Start of Excerpted records
(* Let $N$ and $M$ be large positive parameters, let $\mathcal{X}$ be any subset of $\{1,2,\ldots,10^M\}$, and let $\Delta=\Delta(N)$ be any function with $\Delta\to\infty$. For a prime $p$, let $J_p$ be the number of solutions of $$x\equiv y\pmod p;\qquad x,y\in\mathcal{X}.$$ Then for $\pi(N)\bigl(1+O(1/\Delta)\bigr)$ primes $p\le N$ we have $$J_p=|\mathcal{X}|+O\!\left(\frac{|\mathcal{X}|^2 M}{\pi(N)\log M}\,\Delta\right).$$
   Context: $\pi(N)$ denotes the number of primes $p\le N$. *)

theory Defs
  imports "HOL-Computational_Algebra.Primes" "HOL-Number_Theory.Cong" Complex_Main
begin

definition prime_pi :: "nat \<Rightarrow> nat" where
  "prime_pi N = card {p. prime p \<and> p \<le> N}"

definition Jcount :: "nat set \<Rightarrow> nat \<Rightarrow> nat" where
  "Jcount X p = card {(x, y). x \<in> X \<and> y \<in> X \<and> [x = y] (mod p)}"

end

theory Submission
  imports Defs
begin

text \<open>
  Since \<open>J\<^sub>p - |X|\<close> counts the pairs \<open>x \<noteq> y\<close> in \<open>X\<close> with \<open>p\<close> dividing \<open>x - y\<close>, summing over
  the primes \<open>p \<le> N\<close> counts, for each such pair, the prime divisors of \<open>\<bar>x - y\<bar> < 10\<^sup>M\<close>.
  A positive integer below \<open>10\<^sup>M\<close> has \<open>O(M / log M)\<close> distinct prime factors, so the total
  is \<open>O(|X|\<^sup>2 M / log M)\<close>, and by Markov's inequality the excess exceeds \<open>\<Delta>\<close> times its
  mean for at most \<open>\<pi>(N) / \<Delta>\<close> primes.
\<close>

lemma prod_prime_factors_le:
  fixes n :: nat
  assumes "n > 0"
  shows "\<Prod>(prime_factors n) \<le> n"
proof -
  have "\<Prod>(prime_factors n) \<le> (\<Prod>p\<in>prime_factors n. p ^ multiplicity p n)"
  proof (rule prod_mono)
    fix p assume "p \<in> prime_factors n"
    then have "multiplicity p n > 0" "p > 0"
      by (auto simp: prime_factors_multiplicity prime_gt_0_nat)
    then show "0 \<le> p \<and> p \<le> p ^ multiplicity p n"
      by (simp add: self_le_power)
  qed
  also have "\<dots> = n"
    using assms by (simp add: prod_prime_factors)
  finally show ?thesis .
qed

text \<open>At most \<open>t\<close> elements of \<open>S\<close> lie below \<open>t\<close>; all others contribute a factor \<open>\<ge> t\<close>.\<close>

lemma power_card_diff_le_prod:
  fixes S :: "nat set" and t :: nat
  assumes "finite S" "\<And>x. x \<in> S \<Longrightarrow> x \<ge> 1" "t \<ge> 1"
  shows "t ^ (card S - t) \<le> \<Prod>S"
proof -
  let ?A = "S \<inter> {..<t}" and ?B = "S - {..<t}"
  have "card ?A \<le> t"
    using card_mono[of "{..<t}" ?A] by auto
  then have "card S - t \<le> card ?B"
    using assms(1) by (metis Diff_Diff_Int card_Diff_subset_Int diff_le_mono2 finite_Diff)
  then have "t ^ (card S - t) \<le> (\<Prod>x\<in>?B. t)"
    using assms(3) by (simp add: power_increasing)
  also have "\<dots> \<le> \<Prod>?B"
    by (rule prod_mono) auto
  also have "\<dots> \<le> \<Prod>?A * \<Prod>?B"
    using assms(2) prod_ge_1[of ?A "\<lambda>x. x"] by simp
  also have "\<dots> = \<Prod>S"
    using assms(1) by (metis Int_Diff_Un Int_Diff_disjoint finite_Int finite_Diff prod.union_disjoint)
  finally show ?thesis .
qed

lemma le_div_ln_of_mul_ln_le:
  fixes t M :: real
  assumes t: "t \<ge> 1" and M: "M \<ge> 2" and h: "t * ln t \<le> M * ln 10"
  shows "t \<le> 18 * M / ln M"
proof -
  have lnM: "ln M > 0" and sM: "sqrt M > 0"
    using M by simp_all
  have "ln 10 \<le> (9::real)"
    using ln_le_minus_one[of 10] by simp
  then have "M * ln 10 \<le> M * 9"
    using M by (intro mult_left_mono) auto
  with h have tlnt: "t * ln t \<le> 9 * M"
    by linarith
  show ?thesis
  proof (cases "t \<ge> sqrt M")
    case True
    have "ln M / 2 = ln (sqrt M)"
      using M by (simp add: ln_sqrt)
    also have "\<dots> \<le> ln t"
      using True sM t by (subst ln_le_cancel_iff) auto
    finally have "t * (ln M / 2) \<le> t * ln t"
      using t by (intro mult_left_mono) auto
    with tlnt lnM show ?thesis
      by (simp add: field_simps)
  next
    case False
    have "ln M = 2 * ln (sqrt M)"
      using M by (simp add: ln_sqrt)
    also have "\<dots> \<le> 2 * sqrt M"
      using sM ln_le_minus_one[of "sqrt M"] by simp
    finally have "sqrt M * ln M \<le> sqrt M * (2 * sqrt M)"
      using sM by (intro mult_left_mono) auto
    also have "\<dots> = 2 * M"
      using M by simp
    finally have "sqrt M * ln M \<le> 2 * M" .
    then have "sqrt M \<le> 18 * M / ln M"
      using lnM M by (simp add: field_simps)
    with False show ?thesis
      by simp
  qed
qed

text \<open>With \<open>k = \<omega>(n)\<close> and \<open>t = \<lfloor>k/2\<rfloor>\<close>, the bound \<open>t\<^sup>t \<le> n < 10\<^sup>M\<close> forces \<open>t \<le> 18M / log M\<close>.\<close>

lemma card_prime_factors_le:
  fixes n M :: nat
  assumes n: "0 < n" "n < 10 ^ M" and M: "M \<ge> 2"
  shows "real (card (prime_factors n)) \<le> 37 * real M / ln (real M)"
proof -
  define k where "k = card (prime_factors n)"
  have "ln (real M) > 0"
    using M by simp
  then have MlnM: "real M / ln (real M) \<ge> 1"
    using ln_le_minus_one[of "real M"] M by (simp add: field_simps)
  show ?thesis
  proof (cases "k \<ge> 2")
    case False
    with MlnM show ?thesis
      by (simp add: k_def)
  next
    case True
    define t where "t = k div 2"
    have t1: "t \<ge> 1"
      using True by (simp add: t_def)
    have "t ^ t \<le> t ^ (k - t)"
      using t1 by (intro power_increasing) (auto simp: t_def)
    also have "\<dots> \<le> \<Prod>(prime_factors n)"
      unfolding k_def using power_card_diff_le_prod[OF _ _ t1] prime_ge_1_nat by auto
    also have "\<dots> \<le> n"
      using n(1) by (rule prod_prime_factors_le)
    finally have "t ^ t < 10 ^ M"
      using n(2) by simp
    then have "real t ^ t < 10 ^ M"
      by (metis of_nat_less_iff of_nat_numeral of_nat_power)
    then have "ln (real t ^ t) < ln (10 ^ M)"
      using t1 by (subst ln_less_cancel_iff) auto
    then have "real t * ln (real t) \<le> real M * ln 10"
      using t1 by (simp add: ln_realpow)
    then have "real t \<le> 18 * real M / ln (real M)"
      using t1 M by (intro le_div_ln_of_mul_ln_le) auto
    moreover have "real k \<le> 2 * real t + 1"
      by (simp add: t_def)
    ultimately have "real k \<le> 36 * (real M / ln (real M)) + 1"
      by simp
    also have "\<dots> \<le> 37 * real M / ln (real M)"
      using MlnM by simp
    finally show ?thesis
      by (simp add: k_def)
  qed
qed

definition offdiag_cong_pairs :: "nat set \<Rightarrow> nat \<Rightarrow> (nat \<times> nat) set" where
  "offdiag_cong_pairs X p = {(x, y). x \<in> X \<and> y \<in> X \<and> x \<noteq> y \<and> [x = y] (mod p)}"

lemma Jcount_eq_card_plus_offdiag:
  assumes "finite X"
  shows "Jcount X p = card X + card (offdiag_cong_pairs X p)"
proof -
  let ?I = "(\<lambda>x. (x, x)) ` X"
  have "{(x, y). x \<in> X \<and> y \<in> X \<and> [x = y] (mod p)} = ?I \<union> offdiag_cong_pairs X p"
    by (auto simp: offdiag_cong_pairs_def)
  moreover have "finite (offdiag_cong_pairs X p)"
    by (rule finite_subset[of _ "X \<times> X"]) (auto simp: offdiag_cong_pairs_def assms)
  moreover have "?I \<inter> offdiag_cong_pairs X p = {}"
    by (auto simp: offdiag_cong_pairs_def)
  moreover have "card ?I = card X"
    by (rule card_image) (auto simp: inj_on_def)
  ultimately show ?thesis
    unfolding Jcount_def using assms by (simp add: card_Un_disjoint)
qed

lemma primes_cong_eq_prime_factors:
  fixes x y :: nat
  assumes "x \<noteq> y"
  shows "{p. prime p \<and> [x = y] (mod p)} = prime_factors (nat \<bar>int x - int y\<bar>)"
  using assms by (simp add: prime_factors_dvd cong_altdef_nat')

lemma card_primes_cong_le:
  fixes x y M :: nat
  assumes "x \<in> {1..10 ^ M}" "y \<in> {1..10 ^ M}" "x \<noteq> y" and M: "M \<ge> 2"
  shows "real (card {p. prime p \<and> [x = y] (mod p)}) \<le> 37 * real M / ln (real M)"
proof -
  \<comment> \<open>an abstract bound \<open>B\<close>, so that the simplifier does not rewrite \<open>10 ^ M\<close> across the coercion\<close>
  have lt: "nat \<bar>int x - int y\<bar> < B" if "x \<in> {1..B}" "y \<in> {1..B}" for B :: nat
    using that by auto
  have "0 < nat \<bar>int x - int y\<bar>" "nat \<bar>int x - int y\<bar> < 10 ^ M"
    using assms(3) lt[OF assms(1,2)] by auto
  with assms(3) show ?thesis
    by (simp add: primes_cong_eq_prime_factors card_prime_factors_le M)
qed

lemma sum_card_offdiag_cong_pairs_le:
  fixes X :: "nat set" and M N :: nat
  assumes X: "X \<subseteq> {1..10 ^ M}" and M: "M \<ge> 2"
  shows "(\<Sum>p | prime p \<and> p \<le> N. real (card (offdiag_cong_pairs X p)))
           \<le> real (card X) ^ 2 * (37 * real M / ln (real M))"
proof -
  define P where "P = {p. prime p \<and> p \<le> N}"
  define D where "D = {z \<in> X \<times> X. fst z \<noteq> snd z}"
  define K where "K = 37 * real M / ln (real M)"
  have finX: "finite X"
    using X finite_subset by blast
  have finD: "finite D" and finP: "finite P"
    using finX by (simp_all add: D_def P_def)
  have "offdiag_cong_pairs X p = {z \<in> D. [fst z = snd z] (mod p)}" for p
    by (auto simp: offdiag_cong_pairs_def D_def)
  then have "(\<Sum>p\<in>P. card (offdiag_cong_pairs X p)) = (\<Sum>z\<in>D. card {p \<in> P. [fst z = snd z] (mod p)})"
    using sum.swap_restrict[OF finP finD, of "\<lambda>_ _. 1::nat" "\<lambda>p z. [fst z = snd z] (mod p)"]
    by simp
  then have "(\<Sum>p\<in>P. real (card (offdiag_cong_pairs X p)))
      = (\<Sum>z\<in>D. real (card {p \<in> P. [fst z = snd z] (mod p)}))"
    by (simp only: of_nat_sum[symmetric])
  also have "\<dots> \<le> (\<Sum>z\<in>D. K)"
  proof (rule sum_mono)
    fix z assume z: "z \<in> D"
    then have "finite {p. prime p \<and> [fst z = snd z] (mod p)}"
      by (simp add: D_def primes_cong_eq_prime_factors)
    then have "card {p \<in> P. [fst z = snd z] (mod p)} \<le> card {p. prime p \<and> [fst z = snd z] (mod p)}"
      by (rule card_mono) (auto simp: P_def)
    also have "real \<dots> \<le> K"
      unfolding K_def using z X M by (intro card_primes_cong_le) (auto simp: D_def)
    finally show "real (card {p \<in> P. [fst z = snd z] (mod p)}) \<le> K"
      by simp
  qed
  also have "\<dots> \<le> real (card X) ^ 2 * K"
  proof -
    have "card D \<le> card (X \<times> X)"
      unfolding D_def using finX by (intro card_mono) auto
    then have "real (card D) \<le> real (card X) ^ 2"
      by (simp add: card_cartesian_product power2_eq_square flip: of_nat_mult)
    moreover have "K \<ge> 0"
      unfolding K_def using M by simp
    ultimately show ?thesis
      by (simp add: mult_right_mono)
  qed
  finally show ?thesis
    by (simp add: P_def K_def)
qed

lemma card_exceeding_scaled_mean_le:
  fixes f :: "'a \<Rightarrow> real"
  assumes fin: "finite A" and nonneg: "\<And>x. x \<in> A \<Longrightarrow> 0 \<le> f x"
    and sum: "sum f A \<le> S" and c: "c > 0"
  shows "real (card {x \<in> A. S * c / card A < f x}) \<le> card A / c"
proof (cases "{x \<in> A. S * c / card A < f x} = {}")
  case True
  show ?thesis
    unfolding True using c by simp
next
  case False
  define B where "B = {x \<in> A. S * c / card A < f x}"
  from False obtain x0 where x0: "x0 \<in> B"
    by (auto simp: B_def)
  have "card A > 0"
    using x0 fin by (auto simp: B_def card_gt_0_iff)
  have "f x0 \<le> sum f A"
    using x0 fin nonneg by (intro member_le_sum) (auto simp: B_def)
  moreover have "0 \<le> sum f A"
    using nonneg by (simp add: sum_nonneg)
  ultimately have "S > 0"
    using x0 sum \<open>card A > 0\<close> by (cases "S = 0") (auto simp: B_def)
  have "real (card B) * (S * c / card A) = (\<Sum>x\<in>B. S * c / card A)"
    by simp
  also have "\<dots> \<le> sum f B"
    by (rule sum_mono) (simp add: B_def)
  also have "\<dots> \<le> sum f A"
    using fin nonneg by (intro sum_mono2) (auto simp: B_def)
  finally have "real (card B) * (S * c / card A) \<le> S"
    using sum by linarith
  with \<open>S > 0\<close> \<open>card A > 0\<close> c show ?thesis
    unfolding B_def by (simp add: field_simps)
qed

lemma card_primes_Jcount_near_card_ge:
  fixes X :: "nat set" and M N :: nat and d :: real
  assumes X: "X \<subseteq> {1..10 ^ M}" and M: "M \<ge> 2" and d: "d > 0"
  shows "real (card {p. prime p \<and> p \<le> N \<and> \<bar>real (Jcount X p) - real (card X)\<bar>
           \<le> 37 * real (card X) ^ 2 * real M * d / (real (prime_pi N) * ln (real M))})
         \<ge> real (prime_pi N) - real (prime_pi N) / d"
proof -
  define P where "P = {p. prime p \<and> p \<le> N}"
  define S where "S = real (card X) ^ 2 * (37 * real M / ln (real M))"
  define off where "off = (\<lambda>p. real (card (offdiag_cong_pairs X p)))"
  define B where "B = {p \<in> P. S * d / card P < off p}"
  have pi: "prime_pi N = card P"
    by (simp add: prime_pi_def P_def)
  have "finite X" "finite P"
    using X finite_subset by (auto simp: P_def)
  have "\<bar>real (Jcount X p) - real (card X)\<bar> = off p" for p
    using \<open>finite X\<close> by (simp add: off_def Jcount_eq_card_plus_offdiag)
  moreover have "37 * real (card X) ^ 2 * real M * d / (real (prime_pi N) * ln (real M)) = S * d / card P"
    by (simp add: S_def pi mult_ac)
  ultimately have good: "{p. prime p \<and> p \<le> N \<and> \<bar>real (Jcount X p) - real (card X)\<bar>
           \<le> 37 * real (card X) ^ 2 * real M * d / (real (prime_pi N) * ln (real M))} = P - B"
    by (auto simp: P_def B_def)
  have "B \<subseteq> P"
    by (auto simp: B_def)
  then have "real (card (P - B)) = real (card P) - real (card B)"
    using \<open>finite P\<close> by (simp add: card_Diff_subset finite_subset card_mono of_nat_diff)
  moreover have "real (card B) \<le> card P / d"
    unfolding B_def S_def off_def using \<open>finite P\<close> sum_card_offdiag_cong_pairs_le[OF X M, of N] d
    by (intro card_exceeding_scaled_mean_le) (auto simp: P_def)
  ultimately show ?thesis
    unfolding good unfolding pi by linarith
qed

theorem lemma5:
  "\<exists>C::real. C > 0 \<and> (\<exists>M0::nat. \<forall>\<Delta>::nat \<Rightarrow> real. filterlim \<Delta> at_top at_top \<longrightarrow>
     (\<exists>N0::nat. \<forall>N \<ge> N0. \<forall>M \<ge> M0. \<forall>X. X \<subseteq> {1..10^M} \<longrightarrow>
        real (card {p. prime p \<and> p \<le> N \<and>
            \<bar>real (Jcount X p) - real (card X)\<bar>
              \<le> C * (real (card X))^2 * real M * \<Delta> N / (real (prime_pi N) * ln (real M))})
        \<ge> real (prime_pi N) - C * real (prime_pi N) / \<Delta> N))"
proof (rule exI[of _ 37], rule conjI, simp, rule exI[of _ 2], intro allI impI)
  fix \<Delta> :: "nat \<Rightarrow> real"
  assume "filterlim \<Delta> at_top at_top"
  then obtain N0 where N0: "\<And>N. N \<ge> N0 \<Longrightarrow> \<Delta> N \<ge> 1"
    by (auto simp: filterlim_at_top eventually_at_top_linorder)
  show "\<exists>N0. \<forall>N\<ge>N0. \<forall>M\<ge>2. \<forall>X. X \<subseteq> {1..10 ^ M} \<longrightarrow>
        real (prime_pi N) - 37 * real (prime_pi N) / \<Delta> N \<le>
        real (card {p. prime p \<and> p \<le> N \<and> \<bar>real (Jcount X p) - real (card X)\<bar>
              \<le> 37 * (real (card X))\<^sup>2 * real M * \<Delta> N / (real (prime_pi N) * ln (real M))})"
  proof (intro exI[of _ N0] allI impI, rule order_trans[OF _ card_primes_Jcount_near_card_ge])
    fix N :: nat
    assume "N \<ge> N0"
    with N0 show "0 < \<Delta> N"
      by fastforce
    from N0[OF \<open>N \<ge> N0\<close>] show "real (prime_pi N) - 37 * real (prime_pi N) / \<Delta> N
                                \<le> real (prime_pi N) - real (prime_pi N) / \<Delta> N"
      by (simp add: divide_right_mono)
  qed
qed

end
End of Excerpted records
-- Required action --
Copy out the lines of the data where the word "finX" can be found.

-- Solution for this exercise --
  have finX: "finite X"
    using finX by (simp_all add: D_def P_def)
      unfolding D_def using finX by (intro card_mono) auto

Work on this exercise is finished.